Mientras Maru y Moro correteaban de un lado a otro, Watanuki-san y yo estábamos en el cuarto donde él solía pasar todo el tiempo cuando concedía deseos largos, su estudio privado. Un gran sillón de color rojo adornaba el centro de la habitación de paredes color amarillo oscuro. El chico con gafas estaba al otro lado, arreglando varios objetos sobre la mesa, mientras yo miraba desde la entrada. Estaba esperando a Maru y Moro para que me entregaran un lazo.

—¡Listo, ya está! Sólo hace falta amarrar la puerta para que nadie entre mientras estemos en el Mundo de Sueño.

—Oye, ¿Estás seguro de que es buena idea entrar al mundo de los sueños? Me refiero a que si no iré a causar problemas. Además, yo no sé cómo viajar por dimensiones.

—No te preocupes, no creo que ocasiones algún problema en el Mundo de los Sueños. Y, sobre viajar por dimensiones, tengo la solución al problema.

—Dime que no debo pagar un precio por acompañarte —comenté casi abatida. Estaba pagando suficiente con ayudar a este sujeto con cada locura nueva que se le ocurría. Él negó con su cabeza, mirándome divertido.
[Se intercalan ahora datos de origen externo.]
(* Let $\omega\ge 4$ be an integer and let $\Gamma$ be a connected finite simple graph. Then $C_\omega(L(\Gamma))\cong\Gamma$ if and only if $\Gamma$ is $\omega$-regular.
   Context: $L(\Gamma)$ is the line graph of $\Gamma$: its vertices are the edges of $\Gamma$, two being adjacent iff they share an endpoint. For a graph $H$ and an integer $\omega$, the $\omega$-clique graph $C_\omega(H)$ is the graph whose vertices are the cliques (vertex sets of complete subgraphs) of order exactly $\omega$ in $H$, two distinct such cliques being adjacent iff they have nonempty intersection. *)

theory Defs
  imports Main
begin

type_synonym 'a graph = "'a set \<times> 'a set set"

definition verts :: "'a graph \<Rightarrow> 'a set" where "verts G = fst G"
definition edges :: "'a graph \<Rightarrow> 'a set set" where "edges G = snd G"

definition simple_graph :: "'a graph \<Rightarrow> bool" where
  "simple_graph G \<longleftrightarrow> finite (verts G) \<and>
     (\<forall>e\<in>edges G. e \<subseteq> verts G \<and> card e = 2)"

definition adj :: "'a graph \<Rightarrow> 'a \<Rightarrow> 'a \<Rightarrow> bool" where
  "adj G u v \<longleftrightarrow> u \<noteq> v \<and> {u, v} \<in> edges G"

definition connected_graph :: "'a graph \<Rightarrow> bool" where
  "connected_graph G \<longleftrightarrow> verts G \<noteq> {} \<and>
     (\<forall>u\<in>verts G. \<forall>v\<in>verts G. (adj G)\<^sup>*\<^sup>* u v)"

definition degree :: "'a graph \<Rightarrow> 'a \<Rightarrow> nat" where
  "degree G v = card {u \<in> verts G. adj G v u}"

definition regular :: "nat \<Rightarrow> 'a graph \<Rightarrow> bool" where
  "regular k G \<longleftrightarrow> (\<forall>v\<in>verts G. degree G v = k)"

definition line_graph :: "'a graph \<Rightarrow> 'a set graph" where
  "line_graph G = (edges G, {{e, f} | e f. e \<in> edges G \<and> f \<in> edges G \<and> e \<noteq> f \<and> e \<inter> f \<noteq> {}})"

definition is_clique :: "'a graph \<Rightarrow> 'a set \<Rightarrow> bool" where
  "is_clique H K \<longleftrightarrow> K \<subseteq> verts H \<and> (\<forall>u\<in>K. \<forall>v\<in>K. u \<noteq> v \<longrightarrow> adj H u v)"

definition clique_graph :: "nat \<Rightarrow> 'a graph \<Rightarrow> 'a set graph" where
  "clique_graph \<omega> H =
     (let C = {K. is_clique H K \<and> finite K \<and> card K = \<omega>} in
      (C, {{K, K'} | K K'. K \<in> C \<and> K' \<in> C \<and> K \<noteq> K' \<and> K \<inter> K' \<noteq> {}}))"

definition graph_iso :: "'a graph \<Rightarrow> 'b graph \<Rightarrow> bool" where
  "graph_iso G H \<longleftrightarrow> (\<exists>f. bij_betw f (verts G) (verts H) \<and>
     (\<forall>u\<in>verts G. \<forall>v\<in>verts G. adj G u v \<longleftrightarrow> adj H (f u) (f v)))"

end

theory Submission
  imports Defs
begin

text \<open>
  Since \<omega> \<ge> 4, a family of \<omega> pairwise intersecting edges has a common endpoint, so the
  \<omega>-cliques of the line graph are exactly the \<omega>-subsets of the edge stars S(v). If the graph
  is \<omega>-regular these are the stars themselves, and v \<mapsto> S(v) is an isomorphism.

  Conversely, let f be an isomorphism from the clique graph onto the graph, and D the maximal
  degree. If D \<ge> \<omega> + 2, an \<omega>-subset of a maximal star has at least \<omega>(D - \<omega>) > D neighbours,
  obtained by exchanging one of its edges. If D = \<omega> + 1, two adjacent vertices of degree
  \<omega> + 1 would produce a clique with 2\<omega> neighbours. So a vertex v of degree \<omega> + 1 has no
  neighbour of degree \<omega> (otherwise the cliques S(v) - e, for e not joining the two, have
  degree \<omega> + 1 and are pairwise adjacent), hence the \<omega> + 1 cliques S(v) - e form a union
  of components of the clique graph; by connectivity they would be all of it, although the graph
  has more than \<omega> + 1 vertices. Finally, if D \<le> \<omega>, every clique is the star of a vertex of
  degree \<omega>, and counting vertices shows that all vertices have degree \<omega>.
\<close>

definition incident_edges :: "'a graph \<Rightarrow> 'a \<Rightarrow> 'a set set" where
  "incident_edges G v = {e \<in> edges G. v \<in> e}"

abbreviation line_clique_graph :: "nat \<Rightarrow> 'a graph \<Rightarrow> 'a set set graph" where
  "line_clique_graph \<omega> G \<equiv> clique_graph \<omega> (line_graph G)"

lemma card_2_obtain_other:
  assumes "card e = 2" "a \<in> e"
  obtains b where "b \<noteq> a" "e = {a, b}"
  using assms by (fastforce simp: card_2_iff doubleton_eq_iff)

lemma pairwise_meeting_doubletons_common_point:
  assumes doubletons: "\<And>e. e \<in> K \<Longrightarrow> card e = 2"
    and meet: "\<And>e e'. e \<in> K \<Longrightarrow> e' \<in> K \<Longrightarrow> e \<noteq> e' \<Longrightarrow> e \<inter> e' \<noteq> {}"
    and "4 \<le> card K"
  shows "\<exists>c. \<forall>e\<in>K. c \<in> e"
proof (rule ccontr)
  assume no_common: "\<not> (\<exists>c. \<forall>e\<in>K. c \<in> e)"
  obtain e1 where e1: "e1 \<in> K" using \<open>4 \<le> card K\<close> by fastforce
  then obtain a b where ab: "e1 = {a, b}" "a \<noteq> b" using doubletons card_2_iff by metis
  obtain e2 where e2: "e2 \<in> K" "a \<notin> e2" using no_common by blast
  obtain e3 where e3: "e3 \<in> K" "b \<notin> e3" using no_common by blast
  have "b \<in> e2" using meet[OF e1 e2(1)] e2(2) ab by blast
  then obtain c where c: "c \<noteq> b" "e2 = {b, c}" using doubletons[OF e2(1)] card_2_obtain_other by metis
  have "a \<in> e3" using meet[OF e1 e3(1)] e3(2) ab by blast
  then obtain c' where c': "c' \<noteq> a" "e3 = {a, c'}" using doubletons[OF e3(1)] card_2_obtain_other by metis
  have "c' = c" using meet[OF e2(1) e3(1)] e2 e3 c c' by auto
  have "K \<subseteq> {{a, b}, {b, c}, {a, c}}"
  proof
    fix e assume e: "e \<in> K"
    obtain x y where xy: "e = {x, y}" "x \<noteq> y" using doubletons[OF e] card_2_iff by metis
    have "e \<inter> e1 \<noteq> {}" "e \<inter> e2 \<noteq> {}" "e \<inter> e3 \<noteq> {}"
      using meet e e1 e2 e3 \<open>b \<in> e2\<close> \<open>a \<in> e3\<close> by blast+
    then show "e \<in> {{a, b}, {b, c}, {a, c}}"
      using xy ab c c' \<open>c' = c\<close> by (auto simp: doubleton_eq_iff)
  qed
  then have "card K \<le> card {{a, b}, {b, c}, {a, c}}" by (intro card_mono) auto
  also have "\<dots> \<le> 3" by (simp add: card_insert_if)
  finally show False using \<open>4 \<le> card K\<close> by simp
qed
—El precio ya está siendo pagado —respondió él con su mirada aún fija en mí—. Ahora, mencionaste algo que es importante. Aunque aún no sabemos si tienes el poder de cruzar dimensiones, yo sí puedo. Es por eso que irás conmigo. Para no perderte de vista dado a que sueles ser bastante torpe…

—¡No seas maleducado! —exclamé molesta.

—… como decía, dado a que eres torpe, he encontrado un método para que no sea difícil localizarte.

—¿Cómo que un método?

—Con esto —dijo, mostrándome una venda. Fruncí el ceño, un tanto confundida, intentando encontrar la trampa en el asunto. Sin preguntar, él de repente tomó mi mano. Las mejillas comenzaron a arderme, me sentía extrañamente apenada por sentir el calor de la mano de él. Watanuki sin embargo no se percató, estaba ocupado amarrando la venda alrededor de mi muñeca izquierda hasta terminar por mis nudillos—. De esta forma, si huyes, te metes en líos y no sabes cómo salir o te pierdes, sabré encontrarte.

—¡Oye!

—Yo tengo el otro extremo. Si estamos demasiado alejados, entonces el hechizo que he puesto sobre la venda se activará. Los extremos siempre se buscarán hasta encontrarse, puesto que para ello han sido creados.

—¿Y qué tal si me meto en un problema y estamos lejos? —pregunté preocupada. El chico de las gafas simplemente se echó a reír.

—Te aseguro que el Mundo de los Sueños es un lugar muy tranquilo. Aunque si sigues dudándolo, entonces te recomiendo no perderte en el camino.

Esa era otra forma de decirme torpe. Antes de que pudiera pelear con él, Maru y Moro aparecieron felizmente correteando por la habitación hasta llegar a Watanuki. Él las recibió con los brazos abiertos. Puse mis ojos en blanco por ese gesto.

—Muchas gracias —les dijo a ambas niñas, dándoles un beso en la frente a cada una—. ¿Puedo pedirles un favor más?

—¡Por supuesto! —cantaron ambas al unísono.

—Por favor no dejen entrar a nadie a esta habitación. Si Makoto-kun llegase a venir, permítanle entrar a la tienda pero menos a este lugar.

—¡Lo entiendo!

—¿Por qué el idiota no puede entrar? —pregunté curiosa. Watanuki me dio una mirada maliciosa mientras alzaba una ceja.

—Se ve que extrañas mucho a Makoto, ¿Eh? Lo sabía, ese odio que ambos se tienen en realidad es amor.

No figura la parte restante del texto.